The processing of samples should also be done in a manner that avoids confounding between experimentally controlled variables (such as a treatment, a genotype or a disease state) and the time when the samples are prepared and sequenced. For example, if planning an experiment to compare healthy and diseased tissues from 10 patients each, if only 10 samples can be processed per day, it is best to do 5 healthy + 5 diseased together each day, rather than prepare all healthy samples one day and all diseased samples in another (figure). Another consideration is to ensure that there is replication of tissue samples. For example, when collecting tissue from an organ, it may be a good idea to take multiple samples from different parts of the organ. Or consider the time of day when samples/replicates are collected (due to possible circadian changes in gene expression). In summary, all the common best practices in experimental design should be taken into account when performing scRNA-seq.
- scRNA-seq is ideally suited to study heterogeneous populations of cells. For example to identify the types of cells that compose a tissue, define “transcriptional fingerprints” for different cell types, study cell differentiation, explore changes in cell composition due to disease or environmental factors, amongst others.
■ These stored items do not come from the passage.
theorem claim2p6:
  fixes VG :: "'a set" and EG :: "'a set set" and S1 T1 S2 T2 :: "'a set" and k :: nat
    and VH :: "'a set" and EH :: "'a set set" and \<phi> :: "'a \<Rightarrow> 'a set"
    and R B :: "'a list set" and Z :: "(bool \<times> 'a \<times> 'a) list"
    and P :: "'a list" and v v' :: 'a
  assumes G: "sgraph VG EG"
    and term_sub: "S1 \<union> T1 \<union> S2 \<union> T2 \<subseteq> VG"
    and disj: "S1 \<inter> T1 = {}" "S1 \<inter> S2 = {}" "S1 \<inter> T2 = {}"
              "T1 \<inter> S2 = {}" "T1 \<inter> T2 = {}" "S2 \<inter> T2 = {}"
    and card: "card S1 = k" "card T1 = k" "card S2 = k" "card T2 = k"
    and deg1: "\<forall>t \<in> S1 \<union> T1 \<union> S2 \<union> T2. degree EG t = 1"
    and routG: "routable VG EG S1 T1 k" "routable VG EG S2 T2 k"
    and H: "minimal_terminal_minor VG EG S1 T1 S2 T2 k VH EH \<phi>"
    and R: "routes VH EH S1 T1 k R"
    and B: "routes VH EH S2 T2 k B"
    and Z: "is_chain R B Z"
    and P: "P \<in> R \<union> B"
    and vP: "v \<in> set P" "v' \<in> set P"
    and vv': "v \<noteq> v'"
    and before_Z: "\<exists>i j. i < j \<and> j < length (walk_verts Z) \<and>
                       walk_verts Z ! i = v \<and> walk_verts Z ! j = v'"
  shows "\<exists>i j. i < j \<and> j < length P \<and> P ! i = v \<and> P ! j = v'"
proof (rule ccontr)
  assume not_before: "\<not> ?thesis"
  obtain i j where ij: "i < j" "j < length (walk_verts Z)" "walk_verts Z ! i = v" "walk_verts Z ! j = v'"
    using before_Z by blast
  have no_common: "arc_edges (arcs R) \<inter> arc_edges (arcs B) = {}"
    using minimal_terminal_minor_arc_edges_disjoint[OF G disj(2-5) deg1 H R B] .
  note deletable = minimal_terminal_minor_deletable_edge[OF H R B]
  show False
  proof (cases "P \<in> R")
    case True
    have "(w, w) \<notin> ((arcs R)\<^sup>+ O arcs B)\<^sup>+" for w
      using red_blue_acyclic[OF R routes_arc_edges[OF B] no_common] deletable(1) by blast
    moreover have "(v', v) \<in> (arcs R)\<^sup>+"
      using path_order_or_back_run[OF True vP vv'] not_before by blast
    moreover have "snd (Z ! t) \<in> (if fst (Z ! t) = True then arcs R else arcs B)" if "t < length Z" for t
      using chain_arc[OF Z that] by simp
    ultimately show False using chain_no_back_run[OF _ routes_arcs_irrefl[OF R] Z _ ij] by blast
  next
    case False
    then have "P \<in> B" using P by blast
    have "(w, w) \<notin> ((arcs B)\<^sup>+ O arcs R)\<^sup>+" for w
      using red_blue_acyclic[OF B routes_arc_edges[OF R]] no_common deletable(2)
      by (auto simp: Int_commute)
    moreover have "(v', v) \<in> (arcs B)\<^sup>+"
      using path_order_or_back_run[OF \<open>P \<in> B\<close> vP vv'] not_before by blast
    moreover have "snd (Z ! t) \<in> (if fst (Z ! t) = False then arcs B else arcs R)" if "t < length Z" for t
      using chain_arc[OF Z that] by (cases "fst (Z ! t)") simp_all
    ultimately show False using chain_no_back_run[OF _ routes_arcs_irrefl[OF B] Z _ ij] by blast
  qed
qed
lemma gap_separates_boxes:
  assumes U: "open U" and "x \<in> U" "x' \<in> U" "k \<notin> U" "x < k" "k < x'"
  shows "box_hi U x < k" "k < box_lo U x'"
proof -
  have k: "squash k \<in> gap_set U"
    using assms abs_squash_less[of k] squash_mem_image_iff[of k U] by (auto simp: gap_set_def abs_less_iff)
  have u: "squash x \<in> squash ` U" "squash x' \<in> squash ` U" using assms by auto
  note gaps = gap_below_above[OF U u(1)] and gaps' = gap_below_above[OF U u(2)]
  have "squash x < squash k" "squash k < squash x'" using assms squash_less_squash by auto
  then have "gap_above U (squash x) \<le> squash k" "squash k \<le> gap_below U (squash x')"
    using gaps(3,5) gaps'(4,5) k by force+
  then have c: "(gap_below U (squash x) + 3 * gap_above U (squash x))/4 < squash k"
    "squash k < (3 * gap_below U (squash x') + gap_above U (squash x'))/4"
    using gaps gaps' by auto
  have "\<bar>(gap_below U (squash x) + 3 * gap_above U (squash x))/4\<bar> < 1"
    "\<bar>(3 * gap_below U (squash x') + gap_above U (squash x'))/4\<bar> < 1"
    using gaps gaps' by (auto simp: abs_less_iff)
  then show "box_hi U x < k" "k < box_lo U x'"
    unfolding box_hi_def box_lo_def
    using unsquash_less_unsquash[OF _ abs_squash_less c(1)] unsquash_less_unsquash[OF abs_squash_less _ c(2)]
    by auto
qed

lemma gap_separates_boxes_sym:
  assumes "open U" "x \<in> U" "x' \<in> U" "\<not> {min x x'..max x x'} \<subseteq> U"
  obtains k where "k \<notin> U" "box_hi U x < k \<and> k < box_lo U x' \<or> box_hi U x' < k \<and> k < box_lo U x"
proof -
  obtain k where k: "k \<in> {min x x'..max x x'}" "k \<notin> U" using assms(4) by blast
  then have "x < k \<and> k < x' \<or> x' < k \<and> k < x"
    using assms(2,3) by (cases "x \<le> x'") (auto simp: min_def max_def order.order_iff_strict)
  then show ?thesis
    using that[OF k(2)] gap_separates_boxes[OF assms(1,2,3) k(2)] gap_separates_boxes[OF assms(1,3,2) k(2)]
    by blast
qed


section \<open>Neighbourhoods of the half-open strip\<close>

locale strip_nbhd =
  fixes S :: "(real \<times> real) set"
  assumes strip_subset: "UNIV \<times> {0..<1} \<subseteq> S"
    and subset_strip: "S \<subseteq> UNIV \<times> {0..1}"
    and openin_strip: "openin (top_of_set (UNIV \<times> {0..1})) S"
begin

definition top_slice :: "real set" where
  "top_slice = {x. (x, 1) \<in> S}"

definition leaf_map :: "real \<times> real \<Rightarrow> real \<times> real" where
  "leaf_map p = (leaf_coord top_slice p, snd p)"

lemma open_top_slice: "open top_slice"
proof -
  obtain T where T: "open T" "S = UNIV \<times> {0..1} \<inter> T"
    using openin_strip unfolding openin_open by blast
  then have "top_slice = (\<lambda>x. (x, 1::real)) -` T" unfolding top_slice_def by auto
  moreover have "open ((\<lambda>x. (x, 1::real)) -` T)"
    by (rule continuous_open_vimage[OF T(1)]) (intro continuous_intros)
  ultimately show ?thesis by simp
qed

lemma mem_S_iff: "(x, y) \<in> S \<longleftrightarrow> 0 \<le> y \<and> (y < 1 \<or> y = 1 \<and> x \<in> top_slice)"
  using strip_subset subset_strip by (force simp: top_slice_def)
(* word_of_index reads the first letter as the least significant digit, so reindexing by
   grid_transpose 4 (4 ^ n) lists the words of length n + 1 by first letter. *)

lemma schreier_adj_Suc_blocks:
  "mat (4 * 4 ^ n) (4 * 4 ^ n)
     (\<lambda>(p, q). schreier_adj (Suc n) $$ (grid_transpose 4 (4 ^ n) p, grid_transpose 4 (4 ^ n) q))
   = four_block_mat (0\<^sub>m (4 ^ n) (4 ^ n)) (schreier_biadj n)\<^sup>T (schreier_biadj n) (4 \<cdot>\<^sub>m 1\<^sub>m (3 * 4 ^ n))"
  (is "?L = ?R")
proof (rule eq_matI)
  let ?N = "4 ^ n :: nat"
  fix p q assume "p < dim_row ?R" "q < dim_col ?R"
  then have p: "p < 4 * ?N" and q: "q < 4 * ?N"
    by (simp_all add: schreier_biadj_def)
  have letters: "p div ?N < 4" "q div ?N < 4"
    using p q by (simp_all add: less_mult_imp_div_less)
  have rests: "p mod ?N < ?N" "q mod ?N < ?N"
    by simp_all
  have "?L $$ (p, q) = schreier_adj (Suc n) $$ (p div ?N + 4 * (p mod ?N), q div ?N + 4 * (q mod ?N))"
    using p q by (simp add: grid_transpose_def)
  also have "\<dots> = ?R $$ (p, q)"
  proof -
    note entry = schreier_adj_Suc_entry[OF letters rests]
    have shift: "(r - ?N) div ?N + 1 = r div ?N" "(r - ?N) mod ?N = r mod ?N" "r - ?N < 3 * ?N"
      if "\<not> r < ?N" "r < 4 * ?N" for r
      using that by (simp_all add: le_div_geq le_mod_geq)
    have eq_iff: "p = q \<longleftrightarrow> p div ?N = q div ?N \<and> p mod ?N = q mod ?N"
      by (metis div_mod_decomp)
    have R: "?R $$ (p, q) = (if p < ?N then if q < ?N then 0 else schreier_biadj n $$ (q - ?N, p)
        else if q < ?N then schreier_biadj n $$ (p - ?N, q) else 4 * 1\<^sub>m (3 * ?N) $$ (p - ?N, q - ?N))"
      using p q by (simp add: four_block_mat_def Let_def)
    consider "p < ?N" "q < ?N" | "p < ?N" "\<not> q < ?N" | "\<not> p < ?N" "q < ?N" | "\<not> p < ?N" "\<not> q < ?N"
      by blast
    then show ?thesis
    proof cases
      case 1
      then show ?thesis unfolding entry R by simp
    next
      case 2
      then show ?thesis unfolding entry R using q shift[of q] by (simp add: schreier_biadj_def)
    next
      case 3
      then show ?thesis unfolding entry R using p shift[of p] by (simp add: schreier_biadj_def)
    next
      case 4
      then have "p - ?N = q - ?N \<longleftrightarrow> p div ?N = q div ?N \<and> p mod ?N = q mod ?N"
        using eq_iff by auto
      then show ?thesis unfolding entry R using 4 p q shift[of p] shift[of q] by auto
    qed
  qed
  finally show "?L $$ (p, q) = ?R $$ (p, q)" .
qed (simp_all add: schreier_biadj_def)
lemma mem_UN_exponent_vectors_levels:
  assumes "finite I" "L \<le> M"
  shows "f \<in> (\<Union>c\<le>min L (card I - M).
                exponent_vectors I (replicate (M - L + c) 2 @ replicate (L - c) 1 @ replicate c (-1)))
    \<longleftrightarrow> (\<forall>i. i \<notin> I \<longrightarrow> f i = 0) \<and> (\<forall>i\<in>I. f i \<in> {-1, 0, 1, 2})
        \<and> card {i\<in>I. f i \<in> {1, 2}} = M \<and> card {i\<in>I. f i \<in> {1, -1}} = L"
proof -
  have mem_level: "f \<in> exponent_vectors I (replicate (M - L + c) 2 @ replicate (L - c) 1 @ replicate c (-1))
    \<longleftrightarrow> (\<forall>i. i \<notin> I \<longrightarrow> f i = 0) \<and> (\<forall>i\<in>I. f i \<in> {-1, 0, 1, 2}) \<and> card {i\<in>I. f i = 2} = M - L + c
        \<and> card {i\<in>I. f i = 1} = L - c \<and> card {i\<in>I. f i = -1} = c" if "c \<le> L" for c
    using that by (subst exponent_vectors_iff[OF assms(1), of "{-1, 1, 2}"]) auto
  have "card {i\<in>I. f i \<in> {-1, 1, 2}} \<le> card I"
    using assms(1) by (intro card_mono) auto
  then have card_I: "card {i\<in>I. f i = -1} + card {i\<in>I. f i = 1} + card {i\<in>I. f i = 2} \<le> card I"
    using card_vimage_eq_sum_card_fibers[OF assms(1), of "{-1, 1, 2}" f] by simp
  have pairs: "card {i\<in>I. f i \<in> {1, 2}} = card {i\<in>I. f i = 1} + card {i\<in>I. f i = 2}"
    "card {i\<in>I. f i \<in> {1, -1}} = card {i\<in>I. f i = 1} + card {i\<in>I. f i = -1}"
    using card_vimage_eq_sum_card_fibers[OF assms(1), of "{1, 2}" f]
      card_vimage_eq_sum_card_fibers[OF assms(1), of "{1, -1}" f] by simp_all
  show ?thesis
  proof
    assume "f \<in> (\<Union>c\<le>min L (card I - M).
                exponent_vectors I (replicate (M - L + c) 2 @ replicate (L - c) 1 @ replicate c (-1)))"
    then obtain c where "c \<le> min L (card I - M)"
      and "f \<in> exponent_vectors I (replicate (M - L + c) 2 @ replicate (L - c) 1 @ replicate c (-1))"
      by blast
    then show "(\<forall>i. i \<notin> I \<longrightarrow> f i = 0) \<and> (\<forall>i\<in>I. f i \<in> {-1, 0, 1, 2})
        \<and> card {i\<in>I. f i \<in> {1, 2}} = M \<and> card {i\<in>I. f i \<in> {1, -1}} = L"
      using mem_level[of c] pairs assms(2) by auto
  next
    assume f: "(\<forall>i. i \<notin> I \<longrightarrow> f i = 0) \<and> (\<forall>i\<in>I. f i \<in> {-1, 0, 1, 2})
        \<and> card {i\<in>I. f i \<in> {1, 2}} = M \<and> card {i\<in>I. f i \<in> {1, -1}} = L"
    define c where "c = card {i\<in>I. f i = -1}"
    have "c \<le> min L (card I - M)" using f pairs card_I by (auto simp: c_def)
    moreover have "f \<in> exponent_vectors I (replicate (M - L + c) 2 @ replicate (L - c) 1 @ replicate c (-1))"
      using mem_level[of c] f pairs assms(2) by (auto simp: c_def)
    ultimately show "f \<in> (\<Union>c\<le>min L (card I - M).
                exponent_vectors I (replicate (M - L + c) 2 @ replicate (L - c) 1 @ replicate c (-1)))"
      by blast
  qed
qed

lemma mem_exponent_vectors_replicate:
  assumes "finite I" "v \<noteq> 0"
  shows "g \<in> exponent_vectors I (replicate M v)
    \<longleftrightarrow> (\<forall>i. i \<notin> I \<longrightarrow> g i = 0) \<and> (\<forall>i\<in>I. g i \<in> {0, v}) \<and> card {i\<in>I. g i = v} = M"
  using assms(2) by (subst exponent_vectors_iff[OF assms(1), of "{v}"]) auto

lemma exponent_vectors_replicate_range:
  assumes "finite I" "v \<noteq> 0" "g \<in> exponent_vectors I (replicate M v)"
  shows "g i \<in> {0, v}"
  using assms(3) unfolding mem_exponent_vectors_replicate[OF assms(1,2)] by (cases "i \<in> I") auto

lemma add_mem_UN_exponent_vectors_levels:
  assumes "finite I" "L \<le> M"
    and "g \<in> exponent_vectors I (replicate M 2)" "h \<in> exponent_vectors I (replicate L (-1))"
  shows "(\<lambda>i. g i + h i) \<in> (\<Union>c\<le>min L (card I - M).
           exponent_vectors I (replicate (M - L + c) 2 @ replicate (L - c) 1 @ replicate c (-1)))"
proof -
  note mem_A = mem_exponent_vectors_replicate[OF assms(1) numeral_neq_zero]
    and mem_B = mem_exponent_vectors_replicate[OF assms(1) neg_one_neq_zero]
  have ranges: "g i \<in> {0, 2} \<and> h i \<in> {0, -1}" for i
    using exponent_vectors_replicate_range[OF assms(1) _ assms(3)]
      exponent_vectors_replicate_range[OF assms(1) _ assms(4)] by simp
  have "g i + h i \<in> {1, 2} \<longleftrightarrow> g i = 2" "g i + h i \<in> {1, -1} \<longleftrightarrow> h i = -1"
    "g i + h i \<in> {-1, 0, 1, 2}" for i
    using ranges[of i] by auto
  with assms(3,4) show ?thesis
    unfolding mem_UN_exponent_vectors_levels[OF assms(1,2)] mem_A mem_B
    by simp
qed

lemma split_mem_exponent_vectors:
  assumes "finite I" "L \<le> M"
    and "f \<in> (\<Union>c\<le>min L (card I - M).
           exponent_vectors I (replicate (M - L + c) 2 @ replicate (L - c) 1 @ replicate c (-1)))"
  shows "(\<lambda>i. if f i \<in> {1, 2} then 2 else 0) \<in> exponent_vectors I (replicate M 2)"
    and "(\<lambda>i. if f i \<in> {1, -1} then -1 else 0) \<in> exponent_vectors I (replicate L (-1))"
proof -
  note mem_A = mem_exponent_vectors_replicate[OF assms(1) numeral_neq_zero]
    and mem_B = mem_exponent_vectors_replicate[OF assms(1) neg_one_neq_zero]
  have f: "(\<forall>i. i \<notin> I \<longrightarrow> f i = 0) \<and> card {i\<in>I. f i \<in> {1, 2}} = M \<and> card {i\<in>I. f i \<in> {1, -1}} = L"
    using assms(3) unfolding mem_UN_exponent_vectors_levels[OF assms(1,2)] by blast
  have "{i\<in>I. (if f i \<in> {1, 2} then 2 else 0) = (2::int)} = {i\<in>I. f i \<in> {1, 2}}"
    "{i\<in>I. (if f i \<in> {1, -1} then -1 else 0) = (-1::int)} = {i\<in>I. f i \<in> {1, -1}}"
    by auto
  with f show "(\<lambda>i. if f i \<in> {1, 2} then 2 else 0) \<in> exponent_vectors I (replicate M 2)"
    and "(\<lambda>i. if f i \<in> {1, -1} then -1 else 0) \<in> exponent_vectors I (replicate L (-1))"
    unfolding mem_A mem_B by auto
qed

lemma bij_betw_add_exponent_vectors:
  assumes "finite I" "L \<le> M"
  shows "bij_betw (\<lambda>(g, h) i. g i + h i)
           (exponent_vectors I (replicate M 2) \<times> exponent_vectors I (replicate L (-1)))
           (\<Union>c\<le>min L (card I - M).
              exponent_vectors I (replicate (M - L + c) 2 @ replicate (L - c) 1 @ replicate c (-1)))"
    (is "bij_betw ?add (?A \<times> ?B) ?U")
proof (rule bij_betw_byWitness[where f' = "\<lambda>f. (\<lambda>i. if f i \<in> {1, 2} then 2 else 0,
                                                \<lambda>i. if f i \<in> {1, -1} then -1 else 0)"])
  have "(if g i + h i \<in> {1, 2} then 2 else 0) = g i \<and> (if g i + h i \<in> {1, -1} then -1 else 0) = h i"
    if "g \<in> ?A" "h \<in> ?B" for g h i
  proof -
    have "g i \<in> {0, 2} \<and> h i \<in> {0, -1}"
      using exponent_vectors_replicate_range[OF assms(1) _ that(1)]
        exponent_vectors_replicate_range[OF assms(1) _ that(2)] by simp
    then show ?thesis by auto
  qed
  then show "\<forall>p\<in>?A \<times> ?B. (\<lambda>f. (\<lambda>i. if f i \<in> {1, 2} then 2 else 0,
                                 \<lambda>i. if f i \<in> {1, -1} then -1 else 0)) (?add p) = p"
    by (auto simp: fun_eq_iff)
  have "f i \<in> {-1, 0, 1, 2}" if "f \<in> ?U" for f i
    using that unfolding mem_UN_exponent_vectors_levels[OF assms] by (cases "i \<in> I") auto
  then show "\<forall>f\<in>?U. ?add (\<lambda>i. if f i \<in> {1, 2} then 2 else 0, \<lambda>i. if f i \<in> {1, -1} then -1 else 0) = f"
    by (force simp: fun_eq_iff)
  show "?add ` (?A \<times> ?B) \<subseteq> ?U"
    using add_mem_UN_exponent_vectors_levels[OF assms] by auto
  show "(\<lambda>f. (\<lambda>i. if f i \<in> {1, 2} then 2 else 0, \<lambda>i. if f i \<in> {1, -1} then -1 else 0)) ` ?U
          \<subseteq> ?A \<times> ?B"
    using split_mem_exponent_vectors[OF assms] by auto
qed
(* Let $\beta\in(0,1)$. Let $\mathcal R^{(\beta)}$ be a random closed subset of $[0,1]$ with capacity functional $\mathbb P(\mathcal R^{(\beta)}\cap K\neq\emptyset)=\mathrm{Leb}(K)^\beta$ for all compact $K\subset[0,1]$. Let $Q_\beta$ be an $\mathbb N$-valued random variable with \[ \mathbb P(Q_\beta=k)=\frac{\beta(1-\beta)_{(k-1)\uparrow}}{k!},\quad k\in\mathbb N, \] where $(a)_{n\uparrow}=a(a+1)\cdots(a+n-1)$ for $n\in\mathbb N$ and $(a)_{0\uparrow}=1$, and let $U_1,U_2,\dots$ be i.i.d. uniform on $(0,1)$, independent of $Q_\beta$. Then $\mathcal R^{(\beta)}\overset{d}{=}\bigcup_{i=1}^{Q_\beta}\{U_i\}$ as random closed sets of $[0,1]$.
   Context: $\mathrm{Leb}$ is Lebesgue measure. Random closed sets are random elements of the space of closed subsets of $[0,1]$ with the Fell topology; their law is determined by the capacity functional $K\mapsto\mathbb P(R\cap K\ne\emptyset)$, $K$ compact. *)

theory Defs
  imports "HOL-Probability.Probability"
begin

definition capacity_functional :: "'a measure \<Rightarrow> ('a \<Rightarrow> real set) \<Rightarrow> real set \<Rightarrow> real" where
  "capacity_functional M R K = measure M {\<omega> \<in> space M. R \<omega> \<inter> K \<noteq> {}}"

text \<open>Two random closed subsets of [0,1] (possibly on different probability spaces) have the same
  law iff their capacity functionals agree on all compact K contained in [0,1] (Choquet).\<close>
definition same_law_rcs ::
  "'a measure \<Rightarrow> ('a \<Rightarrow> real set) \<Rightarrow> 'b measure \<Rightarrow> ('b \<Rightarrow> real set) \<Rightarrow> bool" where
  "same_law_rcs M R N S \<longleftrightarrow>
     (\<forall>K. compact K \<and> K \<subseteq> {0..1} \<longrightarrow> capacity_functional M R K = capacity_functional N S K)"

end

(*
  For a compact K \<subseteq> [0,1] with Lebesgue measure p, each U_i misses K with probability 1 - p,
  so by the independence of Q and the U_i the union of the first Q points misses K with
  probability E[(1 - p)^Q].  The law of Q is the Sibuya distribution, whose generating function
  is 1 - (1 - s)^\<beta> by the binomial series; hence the union hits K with probability p^\<beta>,
  the capacity functional of R.  The hypothesis only fixes P(Q = k) for k \<ge> 1; that P(Q = 0) = 0
  follows because the Sibuya weights already sum to one: their partial sums are
  1 - pochhammer (1 - \<beta>) n / n!, and pochhammer (1 - \<beta>) n / n! ~ n^(-\<beta>) / \<Gamma>(1 - \<beta>) tends to 0.
*)
theory Submission
  imports Defs
begin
- A typical sample preparation workflow consists of isolating single cells (or nuclei), converting the RNA into cDNA, preparing a sequencing library (Illumina) and sequencing.
- Many single-cell protocols have been developed, some openly available, others provided commercially. These mainly differ in their throughput (how many cells are captured per experiment), the type of quantification (full-length or tag-based) and also cost.
- SMART-seq2 is a popular low-throughput method, providing full-length transcript quantification. It is ideally suited for studying a smaller group of cells in greater detail (e.g. differential isoform usage, characterisation of lowly-expressed transcripts).
- 10x Chromium is a popular high-throughput method, using UMIs for transcript quantification (from either 3’ or 5’ ends). It is ideally suited to study highly heterogeneous tissues and sample large populations of cells at scale.
- When planning an experiment, care should be taken to avoid confounding due to batch effects as well as ensuring an adequate level of replication to address questions of interest.